How a leadership team at UBS uncovered hidden risk before it became turnover

They suspected something was wrong. OpenElevator showed them exactly where, and how serious it was.

The Situation

While average tenure at UBS is eight years, reducing turnover has been a key focus for managers looking to reduce costs and improve efficiencies. In particular, UBS Team Heads identified team collaboration as key to the success of their departments. They understood that interpersonal issues quickly derail their teams’ ability to remain efficient and effective.
Therefore, following a restructuring, several team heads immediately wanted to understand their team stability. They began exploring retention solutions that could help them understand the team dynamic below the waterline, including who works well together, who may be at high risk of quitting, and which issues could be addressed to mitigate conflicts and turnover.

The Challenge

The core issue wasn’t lack of effort or concern. It was lack of visibility.
“I didn’t know them myself, much less how they worked with each other. Under the previous head, the team had exceptionally high turnover, which was a source of concern and on top of that, I also had a new boss, and a very short runway to deliver results fast!”
Adding complexity, in the restructuring, several teams were decentralized across various locations. Therefore, they wanted a solution that would help them understand the teams across geographies before issues occurred.

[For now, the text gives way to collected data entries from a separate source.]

lemma SX_le_grid_Max:
  fixes N :: nat
  assumes u: "\<upsilon> \<in> SX X" and \<phi>: "\<phi> \<in> CXI X" and N: "0 < N"
    and \<psi>: "\<And>k. k < N \<Longrightarrow> \<psi> k \<in> CXI_one_on X (superlevel X \<phi> (real k / real N))"
  shows "\<upsilon> \<phi> \<le> (MAX k\<in>{..<N}. (real k + 1) / real N * \<upsilon> (\<psi> k))"
proof -
  define f where "f k = restrict (\<lambda>x. (real k + 1) / real N * \<psi> k x) (topspace X)" for k
  have ck: "0 \<le> (real k + 1) / real N" "(real k + 1) / real N \<le> 1" if "k < N" for k
    using that by auto
  have \<psi>c: "\<psi> k \<in> CXI X" if "k < N" for k using \<psi>[OF that] by (simp add: CXI_one_on_def)
  have f: "f k \<in> CXI X" if "k < N" for k
    unfolding f_def by (rule scale_in_CXI[OF \<psi>c[OF that] ck[OF that]])
  have fv: "\<upsilon> (f k) = (real k + 1) / real N * \<upsilon> (\<psi> k)" if "k < N" for k
    unfolding f_def by (rule SX_scale[OF u ck[OF that] \<psi>c[OF that]])
  let ?M = "restrict (\<lambda>x. MAX k\<in>{..<N}. f k x) (topspace X)"
  have "?M \<in> CXI X \<and> \<upsilon> ?M = (MAX k\<in>{..<N}. \<upsilon> (f k))"
    using N by (intro SX_Max[OF u]) (auto intro: f)
  then have M: "?M \<in> CXI X" "\<upsilon> ?M = (MAX k\<in>{..<N}. \<upsilon> (f k))" by blast+
  have "\<phi> x \<le> ?M x" if x: "x \<in> topspace X" for x
  proof -
    obtain k where k: "k < N" "real k / real N \<le> \<phi> x" "\<phi> x \<le> (real k + 1) / real N"
      using grid_index[of "\<phi> x" N] CXI_bounds[OF \<phi> x] N by blast
    then have "\<psi> k x = 1"
      using \<psi>[OF k(1)] x CXI_bounds[OF \<phi> x] by (auto simp: CXI_one_on_def superlevel_def)
    then have "\<phi> x \<le> f k x" using k(3) x by (simp add: f_def)
    also have "\<dots> \<le> (MAX k\<in>{..<N}. f k x)" using k(1) by (intro Max_ge) auto
    finally show ?thesis using x by simp
  qed
  then have "\<upsilon> \<phi> \<le> \<upsilon> ?M" by (rule SX_mono[OF u \<phi> M(1)])
  also have "\<upsilon> ?M = (MAX k\<in>{..<N}. (real k + 1) / real N * \<upsilon> (\<psi> k))"
    unfolding M(2) by (intro arg_cong[where f = Max] image_cong) (simp_all add: fv)
  finally show ?thesis .
qed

What OpenElevator Revealed

After implementing OpenElevator, leadership gained visibility into what had previously been invisible. The data revealed patterns leaders could not previously see, and translated them into clear guidance. The data showed:
Early warning signals of disengagement and risk of departure, along with clear guidance on where intervention would have the greatest impact
Visibility into which working relationships were strong and where friction was likely to emerge
Predictive insight into how well new candidates would fit within the team structure
Most importantly, the insight put numbers to what leaders had suspected. Now the issues were no longer anecdotal or debatable.

The Action

With clear, defensible data, leadership was able to:

Focus attention on the exact area of risk

Have calm, non‑defensive conversations with managers

Address root causes before additional employees disengaged or resigned

Instead of rolling out another company‑wide initiative, they intervened precisely — and early.
Turnover stabilized in the at‑risk department. More importantly, leadership confidence improved.
Leaders no longer felt surprised or reactive. They had ongoing visibility into employee experience and could see when risk was building — and when it was resolving.
The biggest change wasn’t faster reaction. It was earlier awareness.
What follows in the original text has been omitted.